Task input:
text \<open>
  Put \<open>a x = f (2x) - 8 f x\<close> and \<open>c x = f (2x) - 2 f x\<close>. Then \<open>f = (c - a) / 6\<close>, and on the
  diagonal \<open>a (2z) - 2 a z = c (2z) - 8 c z = D_f f z z / 2\<close>, so \<open>a\<close> is approximately
  2-homogeneous and \<open>c\<close> approximately 8-homogeneous. Hyers' direct method (rescaling along
  \<open>x \<mapsto> x/2\<close> for \<open>l = 1\<close> and along \<open>x \<mapsto> 2x\<close> for \<open>l = -1\<close>) turns them into exactly homogeneous
  limits \<open>A\<close>, \<open>C\<close>; the decay hypotheses force \<open>D_f A = D_f C = 0\<close>, and an odd solution of
  \<open>D_f = 0\<close> that is 2- resp. 8-homogeneous is additive resp. cubic. For uniqueness, the difference of
  two such decompositions grows like \<open>2\<^sup>n\<close> and \<open>8\<^sup>n\<close> along the orbit of \<open>x\<close>, while it is bounded
  by tails of the convergent control series.
\<close>

lemma eq_if_linear_functionals_eq:
  fixes a b :: "'b::real_vector"
  assumes "\<And>g::'b \<Rightarrow> real. linear g \<Longrightarrow> g a = g b"
  shows "a = b"
proof (rule ccontr)
  assume "a \<noteq> b"
  then have "independent {a - b}" by (simp add: independent_insert)
  then obtain g :: "'b \<Rightarrow> real" where "linear g" "g (a - b) = 1"
    using linear_independent_extend[of "{a - b}" "\<lambda>_. 1"] by auto
  with assms[of g] show False by (simp add: linear_diff)
qed
lemma locally_asymptotically_stable_by_contraction:
  fixes V :: "real \<times> real \<Rightarrow> real"
  assumes "a \<ge> 0" "b \<ge> 0" "p > 0" "q > 0"
    and "0 \<le> \<kappa>" "\<kappa> < 1" "\<rho> > 0" "C > 0" "D > 0"
    and V_nonneg: "\<And>x. V x \<ge> 0"
    and dist_le_V: "\<And>x. l1_dist x (ye, ze) \<le> C * V x"
    and V_le_dist: "\<And>x. V x \<le> D * l1_dist x (ye, ze)"
    and step: "\<And>x. fst x \<ge> 0 \<Longrightarrow> snd x \<ge> 0 \<Longrightarrow> V x \<le> \<rho> \<Longrightarrow>
      V (sys_step a b p q x) \<le> \<kappa> * V x"
  shows "locally_asymptotically_stable a b p q ye ze"
proof -
  let ?d = "\<lambda>n y0 z0. l1_dist (sys_orbit a b p q y0 z0 n) (ye, ze)"
  have decay: "?d n y0 z0 \<le> \<kappa> ^ n * (C * D * l1_dist (y0, z0) (ye, ze))"
    if "y0 \<ge> 0" "z0 \<ge> 0" "l1_dist (y0, z0) (ye, ze) < \<rho> / D" for y0 z0 n
  proof -
    have "V (y0, z0) \<le> \<rho>"
      using V_le_dist[of "(y0, z0)"] that(3) \<open>D > 0\<close> by (simp add: less_divide_eq mult.commute)
    then have V_decay: "V (sys_orbit a b p q y0 z0 n) \<le> \<kappa> ^ n * V (y0, z0)"
      using sys_orbit_contraction[OF assms(1-4) that(1,2) assms(5)] assms(6) V_nonneg step by simp
    have "?d n y0 z0 \<le> C * V (sys_orbit a b p q y0 z0 n)"
      by (rule dist_le_V)
    also have "\<dots> \<le> C * (\<kappa> ^ n * V (y0, z0))"
      using V_decay \<open>C > 0\<close> by simp
    also have "\<dots> \<le> C * (\<kappa> ^ n * (D * l1_dist (y0, z0) (ye, ze)))"
      using V_le_dist \<open>C > 0\<close> \<open>0 \<le> \<kappa>\<close> by (simp add: mult_left_mono)
    finally show ?thesis
      by (simp add: ac_simps)
  qed
  have stable: "?d n y0 z0 < \<epsilon>"
    if "y0 \<ge> 0" "z0 \<ge> 0" "l1_dist (y0, z0) (ye, ze) < min (\<rho> / D) (\<epsilon> / (C * D))" for y0 z0 n \<epsilon>
  proof -
    have "?d n y0 z0 \<le> \<kappa> ^ n * (C * D * l1_dist (y0, z0) (ye, ze))"
      using decay that by simp
    also have "\<dots> \<le> C * D * l1_dist (y0, z0) (ye, ze)"
      using assms by (intro mult_left_le_one_le) (auto simp: l1_dist_def power_le_one)
    also have "\<dots> < \<epsilon>"
      using that(3) assms by (simp add: less_divide_eq mult.commute)
    finally show ?thesis .
  qed
  have "locally_stable a b p q ye ze"
    unfolding locally_stable_def
  proof (intro allI impI)
    fix \<epsilon> :: real
    assume "\<epsilon> > 0"
    then show "\<exists>\<delta>>0. \<forall>y0 z0. y0 \<ge> 0 \<and> z0 \<ge> 0 \<and> \<bar>y0 - ye\<bar> + \<bar>z0 - ze\<bar> < \<delta> \<longrightarrow>
        (\<forall>n. \<bar>fst (sys_orbit a b p q y0 z0 n) - ye\<bar> + \<bar>snd (sys_orbit a b p q y0 z0 n) - ze\<bar> < \<epsilon>)"
      using stable[of _ _ \<epsilon>] assms
      by (intro exI[of _ "min (\<rho> / D) (\<epsilon> / (C * D))"]) (auto simp: l1_dist_def)
  qed
  moreover have "(\<lambda>n. fst (sys_orbit a b p q y0 z0 n)) \<longlonglongrightarrow> ye \<and>
      (\<lambda>n. snd (sys_orbit a b p q y0 z0 n)) \<longlonglongrightarrow> ze"
    if "y0 \<ge> 0" "z0 \<ge> 0" "l1_dist (y0, z0) (ye, ze) < \<rho> / D" for y0 z0
  proof -
    let ?K = "C * D * l1_dist (y0, z0) (ye, ze)"
    have geometric: "(\<lambda>n. \<kappa> ^ n) \<longlonglongrightarrow> 0"
      using assms by (intro LIMSEQ_power_zero) simp
    have "norm (fst (sys_orbit a b p q y0 z0 n) - ye) \<le> norm (\<kappa> ^ n) * ?K"
      and "norm (snd (sys_orbit a b p q y0 z0 n) - ze) \<le> norm (\<kappa> ^ n) * ?K" for n
      using decay[OF that, of n] \<open>0 \<le> \<kappa>\<close> unfolding l1_dist_def real_norm_def fst_conv snd_conv
      by (simp_all add: abs_of_nonneg)
    then have "(\<lambda>n. fst (sys_orbit a b p q y0 z0 n) - ye) \<longlonglongrightarrow> 0"
      and "(\<lambda>n. snd (sys_orbit a b p q y0 z0 n) - ze) \<longlonglongrightarrow> 0"
      by (auto intro!: tendsto_0_le[OF geometric] always_eventually)
    then show ?thesis
      by (simp add: LIM_zero_iff)
  qed
  ultimately show ?thesis
    unfolding locally_asymptotically_stable_def
    using assms by (intro conjI exI[of _ "\<rho> / D"]) (auto simp: l1_dist_def)
qed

Directions:
Once you have read the entries above, copy them out exactly as they were given.

Output for this task:
text \<open>
  Put \<open>a x = f (2x) - 8 f x\<close> and \<open>c x = f (2x) - 2 f x\<close>. Then \<open>f = (c - a) / 6\<close>, and on the
  diagonal \<open>a (2z) - 2 a z = c (2z) - 8 c z = D_f f z z / 2\<close>, so \<open>a\<close> is approximately
  2-homogeneous and \<open>c\<close> approximately 8-homogeneous. Hyers' direct method (rescaling along
  \<open>x \<mapsto> x/2\<close> for \<open>l = 1\<close> and along \<open>x \<mapsto> 2x\<close> for \<open>l = -1\<close>) turns them into exactly homogeneous
  limits \<open>A\<close>, \<open>C\<close>; the decay hypotheses force \<open>D_f A = D_f C = 0\<close>, and an odd solution of
  \<open>D_f = 0\<close> that is 2- resp. 8-homogeneous is additive resp. cubic. For uniqueness, the difference of
  two such decompositions grows like \<open>2\<^sup>n\<close> and \<open>8\<^sup>n\<close> along the orbit of \<open>x\<close>, while it is bounded
  by tails of the convergent control series.
\<close>

lemma eq_if_linear_functionals_eq:
  fixes a b :: "'b::real_vector"
  assumes "\<And>g::'b \<Rightarrow> real. linear g \<Longrightarrow> g a = g b"
  shows "a = b"
proof (rule ccontr)
  assume "a \<noteq> b"
  then have "independent {a - b}" by (simp add: independent_insert)
  then obtain g :: "'b \<Rightarrow> real" where "linear g" "g (a - b) = 1"
    using linear_independent_extend[of "{a - b}" "\<lambda>_. 1"] by auto
  with assms[of g] show False by (simp add: linear_diff)
qed
lemma locally_asymptotically_stable_by_contraction:
  fixes V :: "real \<times> real \<Rightarrow> real"
  assumes "a \<ge> 0" "b \<ge> 0" "p > 0" "q > 0"
    and "0 \<le> \<kappa>" "\<kappa> < 1" "\<rho> > 0" "C > 0" "D > 0"
    and V_nonneg: "\<And>x. V x \<ge> 0"
    and dist_le_V: "\<And>x. l1_dist x (ye, ze) \<le> C * V x"
    and V_le_dist: "\<And>x. V x \<le> D * l1_dist x (ye, ze)"
    and step: "\<And>x. fst x \<ge> 0 \<Longrightarrow> snd x \<ge> 0 \<Longrightarrow> V x \<le> \<rho> \<Longrightarrow>
      V (sys_step a b p q x) \<le> \<kappa> * V x"
  shows "locally_asymptotically_stable a b p q ye ze"
proof -
  let ?d = "\<lambda>n y0 z0. l1_dist (sys_orbit a b p q y0 z0 n) (ye, ze)"
  have decay: "?d n y0 z0 \<le> \<kappa> ^ n * (C * D * l1_dist (y0, z0) (ye, ze))"
    if "y0 \<ge> 0" "z0 \<ge> 0" "l1_dist (y0, z0) (ye, ze) < \<rho> / D" for y0 z0 n
  proof -
    have "V (y0, z0) \<le> \<rho>"
      using V_le_dist[of "(y0, z0)"] that(3) \<open>D > 0\<close> by (simp add: less_divide_eq mult.commute)
    then have V_decay: "V (sys_orbit a b p q y0 z0 n) \<le> \<kappa> ^ n * V (y0, z0)"
      using sys_orbit_contraction[OF assms(1-4) that(1,2) assms(5)] assms(6) V_nonneg step by simp
    have "?d n y0 z0 \<le> C * V (sys_orbit a b p q y0 z0 n)"
      by (rule dist_le_V)
    also have "\<dots> \<le> C * (\<kappa> ^ n * V (y0, z0))"
      using V_decay \<open>C > 0\<close> by simp
    also have "\<dots> \<le> C * (\<kappa> ^ n * (D * l1_dist (y0, z0) (ye, ze)))"
      using V_le_dist \<open>C > 0\<close> \<open>0 \<le> \<kappa>\<close> by (simp add: mult_left_mono)
    finally show ?thesis
      by (simp add: ac_simps)
  qed
  have stable: "?d n y0 z0 < \<epsilon>"
    if "y0 \<ge> 0" "z0 \<ge> 0" "l1_dist (y0, z0) (ye, ze) < min (\<rho> / D) (\<epsilon> / (C * D))" for y0 z0 n \<epsilon>
  proof -
    have "?d n y0 z0 \<le> \<kappa> ^ n * (C * D * l1_dist (y0, z0) (ye, ze))"
      using decay that by simp
    also have "\<dots> \<le> C * D * l1_dist (y0, z0) (ye, ze)"
      using assms by (intro mult_left_le_one_le) (auto simp: l1_dist_def power_le_one)
    also have "\<dots> < \<epsilon>"
      using that(3) assms by (simp add: less_divide_eq mult.commute)
    finally show ?thesis .
  qed
  have "locally_stable a b p q ye ze"
    unfolding locally_stable_def
  proof (intro allI impI)
    fix \<epsilon> :: real
    assume "\<epsilon> > 0"
    then show "\<exists>\<delta>>0. \<forall>y0 z0. y0 \<ge> 0 \<and> z0 \<ge> 0 \<and> \<bar>y0 - ye\<bar> + \<bar>z0 - ze\<bar> < \<delta> \<longrightarrow>
        (\<forall>n. \<bar>fst (sys_orbit a b p q y0 z0 n) - ye\<bar> + \<bar>snd (sys_orbit a b p q y0 z0 n) - ze\<bar> < \<epsilon>)"
      using stable[of _ _ \<epsilon>] assms
      by (intro exI[of _ "min (\<rho> / D) (\<epsilon> / (C * D))"]) (auto simp: l1_dist_def)
  qed
  moreover have "(\<lambda>n. fst (sys_orbit a b p q y0 z0 n)) \<longlonglongrightarrow> ye \<and>
      (\<lambda>n. snd (sys_orbit a b p q y0 z0 n)) \<longlonglongrightarrow> ze"
    if "y0 \<ge> 0" "z0 \<ge> 0" "l1_dist (y0, z0) (ye, ze) < \<rho> / D" for y0 z0
  proof -
    let ?K = "C * D * l1_dist (y0, z0) (ye, ze)"
    have geometric: "(\<lambda>n. \<kappa> ^ n) \<longlonglongrightarrow> 0"
      using assms by (intro LIMSEQ_power_zero) simp
    have "norm (fst (sys_orbit a b p q y0 z0 n) - ye) \<le> norm (\<kappa> ^ n) * ?K"
      and "norm (snd (sys_orbit a b p q y0 z0 n) - ze) \<le> norm (\<kappa> ^ n) * ?K" for n
      using decay[OF that, of n] \<open>0 \<le> \<kappa>\<close> unfolding l1_dist_def real_norm_def fst_conv snd_conv
      by (simp_all add: abs_of_nonneg)
    then have "(\<lambda>n. fst (sys_orbit a b p q y0 z0 n) - ye) \<longlonglongrightarrow> 0"
      and "(\<lambda>n. snd (sys_orbit a b p q y0 z0 n) - ze) \<longlonglongrightarrow> 0"
      by (auto intro!: tendsto_0_le[OF geometric] always_eventually)
    then show ?thesis
      by (simp add: LIM_zero_iff)
  qed
  ultimately show ?thesis
    unfolding locally_asymptotically_stable_def
    using assms by (intro conjI exI[of _ "\<rho> / D"]) (auto simp: l1_dist_def)
qed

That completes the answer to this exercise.